Gather all lines with "finally" from the records.

****************************************

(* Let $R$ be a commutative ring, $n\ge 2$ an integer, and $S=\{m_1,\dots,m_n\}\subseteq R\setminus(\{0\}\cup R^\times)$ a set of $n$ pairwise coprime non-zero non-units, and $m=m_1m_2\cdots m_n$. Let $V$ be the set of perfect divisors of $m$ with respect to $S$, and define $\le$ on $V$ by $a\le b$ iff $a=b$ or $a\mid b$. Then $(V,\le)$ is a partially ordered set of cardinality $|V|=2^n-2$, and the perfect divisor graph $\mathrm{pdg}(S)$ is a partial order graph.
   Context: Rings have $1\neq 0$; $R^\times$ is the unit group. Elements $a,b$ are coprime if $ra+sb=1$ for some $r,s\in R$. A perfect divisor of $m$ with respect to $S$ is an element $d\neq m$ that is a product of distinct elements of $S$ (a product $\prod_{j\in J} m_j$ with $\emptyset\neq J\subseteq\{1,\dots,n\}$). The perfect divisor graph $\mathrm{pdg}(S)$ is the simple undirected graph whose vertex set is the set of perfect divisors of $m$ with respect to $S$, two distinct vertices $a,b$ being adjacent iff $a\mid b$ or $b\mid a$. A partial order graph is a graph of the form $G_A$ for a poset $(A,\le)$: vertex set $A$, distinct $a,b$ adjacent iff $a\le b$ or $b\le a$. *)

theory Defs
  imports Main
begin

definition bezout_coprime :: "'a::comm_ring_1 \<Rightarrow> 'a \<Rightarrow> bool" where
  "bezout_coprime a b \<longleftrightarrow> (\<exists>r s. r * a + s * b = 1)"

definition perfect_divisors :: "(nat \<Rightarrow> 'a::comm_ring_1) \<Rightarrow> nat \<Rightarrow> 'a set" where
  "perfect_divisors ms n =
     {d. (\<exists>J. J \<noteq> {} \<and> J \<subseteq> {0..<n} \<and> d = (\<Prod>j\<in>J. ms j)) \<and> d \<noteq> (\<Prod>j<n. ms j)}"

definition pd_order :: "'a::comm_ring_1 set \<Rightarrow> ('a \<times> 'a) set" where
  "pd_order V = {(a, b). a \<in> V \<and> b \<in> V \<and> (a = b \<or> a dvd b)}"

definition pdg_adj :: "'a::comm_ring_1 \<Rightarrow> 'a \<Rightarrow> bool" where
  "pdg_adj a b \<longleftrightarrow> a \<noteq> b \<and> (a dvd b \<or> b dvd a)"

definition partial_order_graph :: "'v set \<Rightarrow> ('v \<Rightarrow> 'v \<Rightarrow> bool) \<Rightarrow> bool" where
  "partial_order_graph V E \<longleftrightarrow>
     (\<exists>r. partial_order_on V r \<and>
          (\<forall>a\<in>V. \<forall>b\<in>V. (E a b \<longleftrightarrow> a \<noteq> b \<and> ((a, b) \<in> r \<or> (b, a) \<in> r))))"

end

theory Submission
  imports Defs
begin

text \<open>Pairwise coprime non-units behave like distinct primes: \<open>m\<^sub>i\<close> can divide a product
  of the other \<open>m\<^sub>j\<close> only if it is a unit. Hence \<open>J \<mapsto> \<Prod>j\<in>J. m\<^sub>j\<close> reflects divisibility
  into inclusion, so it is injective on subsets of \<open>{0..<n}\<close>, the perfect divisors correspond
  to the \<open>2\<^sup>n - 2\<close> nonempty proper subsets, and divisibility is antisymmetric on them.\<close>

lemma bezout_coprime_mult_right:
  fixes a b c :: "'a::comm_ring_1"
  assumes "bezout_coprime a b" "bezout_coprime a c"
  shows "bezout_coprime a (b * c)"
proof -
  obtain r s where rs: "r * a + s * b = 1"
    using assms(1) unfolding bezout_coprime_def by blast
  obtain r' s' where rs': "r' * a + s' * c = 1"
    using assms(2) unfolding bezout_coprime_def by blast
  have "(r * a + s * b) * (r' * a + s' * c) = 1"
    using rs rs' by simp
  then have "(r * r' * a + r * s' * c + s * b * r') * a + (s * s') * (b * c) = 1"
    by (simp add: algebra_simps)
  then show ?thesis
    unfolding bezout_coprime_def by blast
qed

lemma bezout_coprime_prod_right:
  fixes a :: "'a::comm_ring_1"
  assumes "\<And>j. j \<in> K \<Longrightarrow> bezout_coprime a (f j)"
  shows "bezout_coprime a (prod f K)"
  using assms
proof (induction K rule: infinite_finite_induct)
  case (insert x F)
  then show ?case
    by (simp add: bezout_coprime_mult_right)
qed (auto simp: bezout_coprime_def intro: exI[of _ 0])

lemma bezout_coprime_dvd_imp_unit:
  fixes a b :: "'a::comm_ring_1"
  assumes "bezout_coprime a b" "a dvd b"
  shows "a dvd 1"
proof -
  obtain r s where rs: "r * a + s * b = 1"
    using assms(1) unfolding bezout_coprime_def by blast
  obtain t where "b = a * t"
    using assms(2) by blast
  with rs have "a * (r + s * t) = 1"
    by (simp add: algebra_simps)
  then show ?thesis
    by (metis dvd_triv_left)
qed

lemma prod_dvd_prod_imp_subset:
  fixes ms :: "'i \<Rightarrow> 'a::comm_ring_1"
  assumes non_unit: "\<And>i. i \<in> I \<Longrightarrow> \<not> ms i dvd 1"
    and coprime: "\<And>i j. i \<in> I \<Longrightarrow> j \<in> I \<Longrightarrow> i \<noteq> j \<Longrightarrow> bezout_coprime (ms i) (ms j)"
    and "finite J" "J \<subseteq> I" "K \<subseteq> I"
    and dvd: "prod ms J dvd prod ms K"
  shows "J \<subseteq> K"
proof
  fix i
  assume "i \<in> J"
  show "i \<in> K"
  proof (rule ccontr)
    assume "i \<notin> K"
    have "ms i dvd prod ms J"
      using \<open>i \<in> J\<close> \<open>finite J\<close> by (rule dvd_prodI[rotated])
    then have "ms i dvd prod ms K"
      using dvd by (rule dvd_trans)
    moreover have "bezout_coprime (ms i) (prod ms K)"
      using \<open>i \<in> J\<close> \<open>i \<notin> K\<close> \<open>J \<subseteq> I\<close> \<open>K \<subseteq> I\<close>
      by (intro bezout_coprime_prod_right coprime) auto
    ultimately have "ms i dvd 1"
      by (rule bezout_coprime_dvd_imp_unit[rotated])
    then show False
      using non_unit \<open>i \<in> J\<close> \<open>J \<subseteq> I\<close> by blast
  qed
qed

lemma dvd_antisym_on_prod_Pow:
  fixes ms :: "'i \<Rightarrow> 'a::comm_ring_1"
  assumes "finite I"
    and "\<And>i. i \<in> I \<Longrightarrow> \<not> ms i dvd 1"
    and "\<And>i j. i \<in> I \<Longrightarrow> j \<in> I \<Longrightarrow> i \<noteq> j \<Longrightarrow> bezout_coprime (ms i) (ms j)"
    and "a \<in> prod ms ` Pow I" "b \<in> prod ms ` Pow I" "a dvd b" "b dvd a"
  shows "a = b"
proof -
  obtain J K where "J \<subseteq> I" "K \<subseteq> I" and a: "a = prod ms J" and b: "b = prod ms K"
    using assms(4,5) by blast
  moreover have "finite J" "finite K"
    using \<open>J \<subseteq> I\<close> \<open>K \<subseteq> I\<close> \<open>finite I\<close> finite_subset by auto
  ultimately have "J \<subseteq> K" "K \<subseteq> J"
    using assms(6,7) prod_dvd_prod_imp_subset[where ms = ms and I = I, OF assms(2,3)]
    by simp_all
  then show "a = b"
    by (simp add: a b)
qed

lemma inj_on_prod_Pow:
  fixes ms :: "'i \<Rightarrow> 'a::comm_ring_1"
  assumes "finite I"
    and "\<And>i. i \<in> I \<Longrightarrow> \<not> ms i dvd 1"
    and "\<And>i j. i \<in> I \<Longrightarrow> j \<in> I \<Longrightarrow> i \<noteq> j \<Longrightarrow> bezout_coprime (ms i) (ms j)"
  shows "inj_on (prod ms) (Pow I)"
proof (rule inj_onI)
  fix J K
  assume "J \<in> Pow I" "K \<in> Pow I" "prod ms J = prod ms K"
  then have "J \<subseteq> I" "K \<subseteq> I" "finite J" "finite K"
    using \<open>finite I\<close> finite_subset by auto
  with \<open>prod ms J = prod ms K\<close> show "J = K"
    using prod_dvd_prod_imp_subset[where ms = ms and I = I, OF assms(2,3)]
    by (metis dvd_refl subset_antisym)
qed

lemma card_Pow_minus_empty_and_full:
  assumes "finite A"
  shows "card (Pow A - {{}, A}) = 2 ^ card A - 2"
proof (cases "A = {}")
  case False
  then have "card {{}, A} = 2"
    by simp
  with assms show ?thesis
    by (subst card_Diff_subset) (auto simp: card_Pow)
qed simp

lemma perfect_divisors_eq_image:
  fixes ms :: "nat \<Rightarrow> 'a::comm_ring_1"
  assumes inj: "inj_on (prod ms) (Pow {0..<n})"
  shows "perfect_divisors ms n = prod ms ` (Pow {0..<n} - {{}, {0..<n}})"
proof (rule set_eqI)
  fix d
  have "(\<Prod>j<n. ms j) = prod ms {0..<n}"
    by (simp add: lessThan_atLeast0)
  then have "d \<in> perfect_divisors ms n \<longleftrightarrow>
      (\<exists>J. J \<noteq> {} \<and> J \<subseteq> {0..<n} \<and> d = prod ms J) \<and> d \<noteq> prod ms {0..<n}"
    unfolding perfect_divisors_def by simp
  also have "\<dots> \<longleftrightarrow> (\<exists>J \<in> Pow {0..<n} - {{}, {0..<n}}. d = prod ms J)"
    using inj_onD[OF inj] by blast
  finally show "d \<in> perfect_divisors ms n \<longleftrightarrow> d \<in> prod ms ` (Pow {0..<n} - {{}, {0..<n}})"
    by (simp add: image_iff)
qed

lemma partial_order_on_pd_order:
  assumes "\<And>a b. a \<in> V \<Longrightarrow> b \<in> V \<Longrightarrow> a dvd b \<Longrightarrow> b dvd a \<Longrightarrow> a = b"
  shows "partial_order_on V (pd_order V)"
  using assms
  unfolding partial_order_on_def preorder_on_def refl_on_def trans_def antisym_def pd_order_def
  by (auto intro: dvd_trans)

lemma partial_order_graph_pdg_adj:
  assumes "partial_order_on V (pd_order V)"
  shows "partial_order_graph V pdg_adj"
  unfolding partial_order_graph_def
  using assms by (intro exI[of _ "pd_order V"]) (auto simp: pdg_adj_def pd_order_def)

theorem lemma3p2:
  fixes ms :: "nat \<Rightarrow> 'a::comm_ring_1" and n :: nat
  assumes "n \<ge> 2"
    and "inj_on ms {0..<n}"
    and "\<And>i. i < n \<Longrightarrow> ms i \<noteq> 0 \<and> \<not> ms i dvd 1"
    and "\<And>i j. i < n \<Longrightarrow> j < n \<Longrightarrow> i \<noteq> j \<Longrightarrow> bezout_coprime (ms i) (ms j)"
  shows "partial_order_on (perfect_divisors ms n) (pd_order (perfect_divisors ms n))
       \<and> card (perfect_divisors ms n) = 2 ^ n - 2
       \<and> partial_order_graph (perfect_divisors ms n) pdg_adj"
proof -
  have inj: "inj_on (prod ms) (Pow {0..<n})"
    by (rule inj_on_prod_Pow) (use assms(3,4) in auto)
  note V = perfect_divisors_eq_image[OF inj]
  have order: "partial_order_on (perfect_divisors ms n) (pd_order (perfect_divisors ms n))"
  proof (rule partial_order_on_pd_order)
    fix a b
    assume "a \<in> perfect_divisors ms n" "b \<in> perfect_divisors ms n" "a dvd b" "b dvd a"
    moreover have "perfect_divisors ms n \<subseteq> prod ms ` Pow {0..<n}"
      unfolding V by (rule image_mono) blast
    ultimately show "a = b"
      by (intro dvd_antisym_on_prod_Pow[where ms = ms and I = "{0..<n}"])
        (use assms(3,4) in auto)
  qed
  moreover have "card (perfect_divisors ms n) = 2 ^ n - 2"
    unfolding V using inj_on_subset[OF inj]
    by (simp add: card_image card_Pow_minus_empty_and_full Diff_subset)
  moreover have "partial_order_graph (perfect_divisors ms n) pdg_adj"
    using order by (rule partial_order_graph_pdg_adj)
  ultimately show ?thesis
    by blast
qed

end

****************************************

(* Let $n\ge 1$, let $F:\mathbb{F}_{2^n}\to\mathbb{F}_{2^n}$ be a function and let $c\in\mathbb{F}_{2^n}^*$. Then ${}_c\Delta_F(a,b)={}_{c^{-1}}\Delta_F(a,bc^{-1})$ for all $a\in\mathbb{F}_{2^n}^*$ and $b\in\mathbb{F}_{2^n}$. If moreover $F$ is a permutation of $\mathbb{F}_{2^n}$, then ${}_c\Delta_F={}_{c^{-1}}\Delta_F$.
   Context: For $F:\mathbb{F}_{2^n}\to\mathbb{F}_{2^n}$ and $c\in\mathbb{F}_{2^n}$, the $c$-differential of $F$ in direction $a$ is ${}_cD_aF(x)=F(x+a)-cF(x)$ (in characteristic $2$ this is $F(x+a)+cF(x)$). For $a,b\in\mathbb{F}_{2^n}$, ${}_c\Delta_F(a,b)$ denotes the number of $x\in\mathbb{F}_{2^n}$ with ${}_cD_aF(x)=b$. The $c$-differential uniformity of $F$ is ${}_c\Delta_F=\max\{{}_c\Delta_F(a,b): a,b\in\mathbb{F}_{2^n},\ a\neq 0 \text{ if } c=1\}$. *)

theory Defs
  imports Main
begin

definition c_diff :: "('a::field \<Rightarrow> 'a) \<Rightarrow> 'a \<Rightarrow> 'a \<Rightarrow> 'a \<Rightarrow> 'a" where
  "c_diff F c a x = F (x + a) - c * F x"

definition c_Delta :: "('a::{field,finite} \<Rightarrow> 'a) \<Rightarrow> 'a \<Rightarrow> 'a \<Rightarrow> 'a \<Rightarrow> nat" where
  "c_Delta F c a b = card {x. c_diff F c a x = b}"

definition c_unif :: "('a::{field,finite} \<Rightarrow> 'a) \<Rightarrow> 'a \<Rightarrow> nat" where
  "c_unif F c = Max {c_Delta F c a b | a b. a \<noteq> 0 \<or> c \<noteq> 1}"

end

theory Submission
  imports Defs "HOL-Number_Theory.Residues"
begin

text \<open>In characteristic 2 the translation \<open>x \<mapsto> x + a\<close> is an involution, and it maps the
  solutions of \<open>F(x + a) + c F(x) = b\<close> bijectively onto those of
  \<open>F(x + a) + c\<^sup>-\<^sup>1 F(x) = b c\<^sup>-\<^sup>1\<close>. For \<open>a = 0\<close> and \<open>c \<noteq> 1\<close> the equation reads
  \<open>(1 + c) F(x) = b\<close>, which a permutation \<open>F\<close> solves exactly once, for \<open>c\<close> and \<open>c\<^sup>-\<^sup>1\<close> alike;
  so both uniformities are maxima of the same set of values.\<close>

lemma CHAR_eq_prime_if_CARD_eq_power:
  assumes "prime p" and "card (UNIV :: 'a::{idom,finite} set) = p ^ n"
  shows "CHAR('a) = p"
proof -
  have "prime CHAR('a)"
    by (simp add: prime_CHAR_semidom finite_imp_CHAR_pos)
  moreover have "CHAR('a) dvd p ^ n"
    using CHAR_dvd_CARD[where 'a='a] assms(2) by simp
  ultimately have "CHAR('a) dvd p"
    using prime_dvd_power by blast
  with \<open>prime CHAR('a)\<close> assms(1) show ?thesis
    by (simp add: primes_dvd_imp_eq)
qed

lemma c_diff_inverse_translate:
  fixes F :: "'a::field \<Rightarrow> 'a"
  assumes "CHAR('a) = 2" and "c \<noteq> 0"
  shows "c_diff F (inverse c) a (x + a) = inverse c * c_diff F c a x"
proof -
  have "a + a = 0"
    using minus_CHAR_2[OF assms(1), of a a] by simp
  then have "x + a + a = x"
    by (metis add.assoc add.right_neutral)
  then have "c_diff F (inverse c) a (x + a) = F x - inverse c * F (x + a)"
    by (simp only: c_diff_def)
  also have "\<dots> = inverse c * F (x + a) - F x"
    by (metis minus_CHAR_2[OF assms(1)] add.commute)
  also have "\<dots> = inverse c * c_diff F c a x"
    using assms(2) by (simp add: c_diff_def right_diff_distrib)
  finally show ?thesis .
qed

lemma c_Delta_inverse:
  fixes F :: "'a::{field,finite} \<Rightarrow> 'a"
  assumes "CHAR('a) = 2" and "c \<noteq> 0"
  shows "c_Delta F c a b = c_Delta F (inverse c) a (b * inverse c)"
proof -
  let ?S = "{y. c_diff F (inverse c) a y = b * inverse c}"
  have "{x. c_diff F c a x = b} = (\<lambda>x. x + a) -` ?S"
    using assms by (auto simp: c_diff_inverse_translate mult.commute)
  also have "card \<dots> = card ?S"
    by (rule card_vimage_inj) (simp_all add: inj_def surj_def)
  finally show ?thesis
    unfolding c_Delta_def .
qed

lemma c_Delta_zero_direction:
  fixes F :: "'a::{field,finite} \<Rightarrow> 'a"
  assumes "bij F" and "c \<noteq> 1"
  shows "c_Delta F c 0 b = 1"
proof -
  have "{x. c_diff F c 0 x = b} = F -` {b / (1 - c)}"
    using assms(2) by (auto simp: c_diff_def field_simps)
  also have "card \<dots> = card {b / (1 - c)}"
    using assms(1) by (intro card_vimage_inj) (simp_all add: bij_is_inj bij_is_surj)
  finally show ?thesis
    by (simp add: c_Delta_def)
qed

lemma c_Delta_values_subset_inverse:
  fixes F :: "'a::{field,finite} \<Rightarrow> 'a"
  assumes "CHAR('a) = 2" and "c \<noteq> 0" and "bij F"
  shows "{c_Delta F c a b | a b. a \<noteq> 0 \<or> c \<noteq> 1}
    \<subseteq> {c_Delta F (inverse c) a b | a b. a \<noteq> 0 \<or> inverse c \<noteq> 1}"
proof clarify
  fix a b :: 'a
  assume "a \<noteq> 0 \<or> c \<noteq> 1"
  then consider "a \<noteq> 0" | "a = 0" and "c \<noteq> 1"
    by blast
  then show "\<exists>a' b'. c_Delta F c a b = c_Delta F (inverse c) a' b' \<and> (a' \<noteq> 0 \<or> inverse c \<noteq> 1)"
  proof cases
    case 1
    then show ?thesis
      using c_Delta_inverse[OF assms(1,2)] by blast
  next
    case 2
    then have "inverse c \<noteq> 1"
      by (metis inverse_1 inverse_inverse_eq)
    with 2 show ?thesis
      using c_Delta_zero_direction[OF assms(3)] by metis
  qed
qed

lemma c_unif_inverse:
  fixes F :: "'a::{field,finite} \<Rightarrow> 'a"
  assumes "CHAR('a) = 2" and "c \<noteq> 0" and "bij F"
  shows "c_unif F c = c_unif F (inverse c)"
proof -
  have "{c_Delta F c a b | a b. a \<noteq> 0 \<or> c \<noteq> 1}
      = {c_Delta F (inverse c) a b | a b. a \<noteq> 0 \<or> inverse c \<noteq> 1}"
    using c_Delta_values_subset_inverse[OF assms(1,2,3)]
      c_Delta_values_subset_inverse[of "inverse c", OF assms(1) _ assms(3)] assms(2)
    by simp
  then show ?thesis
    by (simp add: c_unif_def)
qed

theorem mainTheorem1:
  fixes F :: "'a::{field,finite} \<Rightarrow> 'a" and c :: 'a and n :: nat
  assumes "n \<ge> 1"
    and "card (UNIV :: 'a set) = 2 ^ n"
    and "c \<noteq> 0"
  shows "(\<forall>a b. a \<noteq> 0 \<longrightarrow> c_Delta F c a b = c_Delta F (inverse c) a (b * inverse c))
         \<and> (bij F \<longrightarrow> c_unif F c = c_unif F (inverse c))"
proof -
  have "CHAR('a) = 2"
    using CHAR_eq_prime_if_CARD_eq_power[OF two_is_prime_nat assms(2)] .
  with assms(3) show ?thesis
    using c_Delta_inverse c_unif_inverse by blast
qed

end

****************************************

RESPONSE TO THE EXERCISE:
  finally show "d \<in> perfect_divisors ms n \<longleftrightarrow> d \<in> prod ms ` (Pow {0..<n} - {{}, {0..<n}})"
  finally show ?thesis .
  finally show ?thesis
  finally show ?thesis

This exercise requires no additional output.